=== Data shown ===
lemma weakly_r_clean_skew_fps_iff:
  "abelian_ring R \<Longrightarrow> \<alpha> \<in> carrier R \<rightarrow> carrier R
    \<Longrightarrow> weakly_r_clean (skew_fps R \<alpha>) \<longleftrightarrow> weakly_r_clean R"
  using weakly_r_clean_skew_fps weakly_r_clean_of_skew_fps by blast

end

theorem proposition2p12:
  fixes R :: "('a, 'b) ring_scheme" and \<alpha> :: "'a \<Rightarrow> 'a"
  assumes "ring R"
    and "abelian_ring R"
    and "\<alpha> \<in> ring_hom R R"
  shows "(weakly_r_clean R \<longleftrightarrow> weakly_r_clean (fps_ring R))
       \<and> (weakly_r_clean (fps_ring R) \<longleftrightarrow> weakly_r_clean (skew_fps R \<alpha>))"
proof -
  interpret ring R by (rule assms(1))
  have "\<alpha> \<in> carrier R \<rightarrow> carrier R"
    using ring_hom_closed[OF assms(3)] by blast
  moreover have "id \<in> carrier R \<rightarrow> carrier R"
    by simp
  ultimately show ?thesis
    unfolding fps_ring_def using weakly_r_clean_skew_fps_iff[OF assms(2)] by simp
qed

end
lemma line_L_line_M_skew:
  assumes "u \<notin> range (\<lambda>c. c *s axis 1 1)" and "(z1, z2) \<noteq> (0, 0)"
  shows "pg_skew (line_L u) (line_M z1 z2)"
proof (rule pg_skewI[OF line_L_pg_line line_M_pg_line[OF assms(2)]])
  fix x assume L: "x \<in> line_L u" and M: "x \<in> line_M z1 z2"
  obtain a y b where x: "x = vec5 a y b" by (rule vec5_cases)
  have y: "y = a *s u + b *s \<phi> u" using L unfolding x mem_line_L .
  obtain s t where st: "a = s * z1" "b = s * z2" "y = t *s dir_M z1 z2"
    using M unfolding x mem_line_M by blast
  show "x = 0"
  proof (cases "s = 0")
    case True
    then show ?thesis using x y st by simp
  next
    case False
    define d where "d = s *s u - t *s axis 1 1"
    have "d \<noteq> 0"
    proof
      assume "d = 0"
      then have "u = (t / s) *s axis 1 1" using False by (simp add: d_def vec_eq_iff field_simps)
      then show False using assms(1) by blast
    qed
    moreover have "z1 *s d + z2 *s \<phi> d = (s * z1) *s u + (s * z2) *s \<phi> u - t *s dir_M z1 z2"
      by (simp add: d_def \<phi>_diff \<phi>_scale dir_M_def vec_eq_iff algebra_simps)
    then have "z1 *s d + z2 *s \<phi> d = 0" using y st by simp
    ultimately have "z1 = 0 \<and> z2 = 0" by (rule \<phi>_independent)
    then show ?thesis using assms(2) by simp
  qed
qed

lemma line_M_skew:
  assumes "z1 * z2' \<noteq> z1' * z2"
  shows "pg_skew (line_M z1 z2) (line_M z1' z2')"
proof -
  have nonzero: "(z1, z2) \<noteq> (0, 0)" "(z1', z2') \<noteq> (0, 0)" using assms by auto
  show ?thesis
  proof (rule pg_skewI[OF line_M_pg_line[OF nonzero(1)] line_M_pg_line[OF nonzero(2)]])
    fix x assume M: "x \<in> line_M z1 z2" and M': "x \<in> line_M z1' z2'"
    obtain a y b where x: "x = vec5 a y b" by (rule vec5_cases)
    obtain s t where st: "a = s * z1" "b = s * z2" "y = t *s dir_M z1 z2"
      using M unfolding x mem_line_M by blast
    obtain s' t' where st': "a = s' * z1'" "b = s' * z2'" "y = t' *s dir_M z1' z2'"
      using M' unfolding x mem_line_M by blast
    have "s * z1 = s' * z1'" "s * z2 = s' * z2'" using st st' by simp_all
    then have "s = 0" using assms by (rule proportional_pairs_eq_0)
    moreover have "t * z1 = t' * z1'" "t * (a0 * z2) = t' * (a0 * z2')"
      using st(3) st'(3) by (auto simp: vec_eq_iff forall_3)
    then have "t * z2 = t' * z2'" using a0_nonzero by simp
    with \<open>t * z1 = t' * z1'\<close> have "t = 0" using assms by (rule proportional_pairs_eq_0)
    ultimately show "x = 0" using x st by simp
  qed
qed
===
What you need to do:
Output the first line of the entries above and every line after it, exactly as written, ending with the line that contains "weakly_r_clean (fps_ring R))".

Problem solution:
lemma weakly_r_clean_skew_fps_iff:
  "abelian_ring R \<Longrightarrow> \<alpha> \<in> carrier R \<rightarrow> carrier R
    \<Longrightarrow> weakly_r_clean (skew_fps R \<alpha>) \<longleftrightarrow> weakly_r_clean R"
  using weakly_r_clean_skew_fps weakly_r_clean_of_skew_fps by blast

end

theorem proposition2p12:
  fixes R :: "('a, 'b) ring_scheme" and \<alpha> :: "'a \<Rightarrow> 'a"
  assumes "ring R"
    and "abelian_ring R"
    and "\<alpha> \<in> ring_hom R R"
  shows "(weakly_r_clean R \<longleftrightarrow> weakly_r_clean (fps_ring R))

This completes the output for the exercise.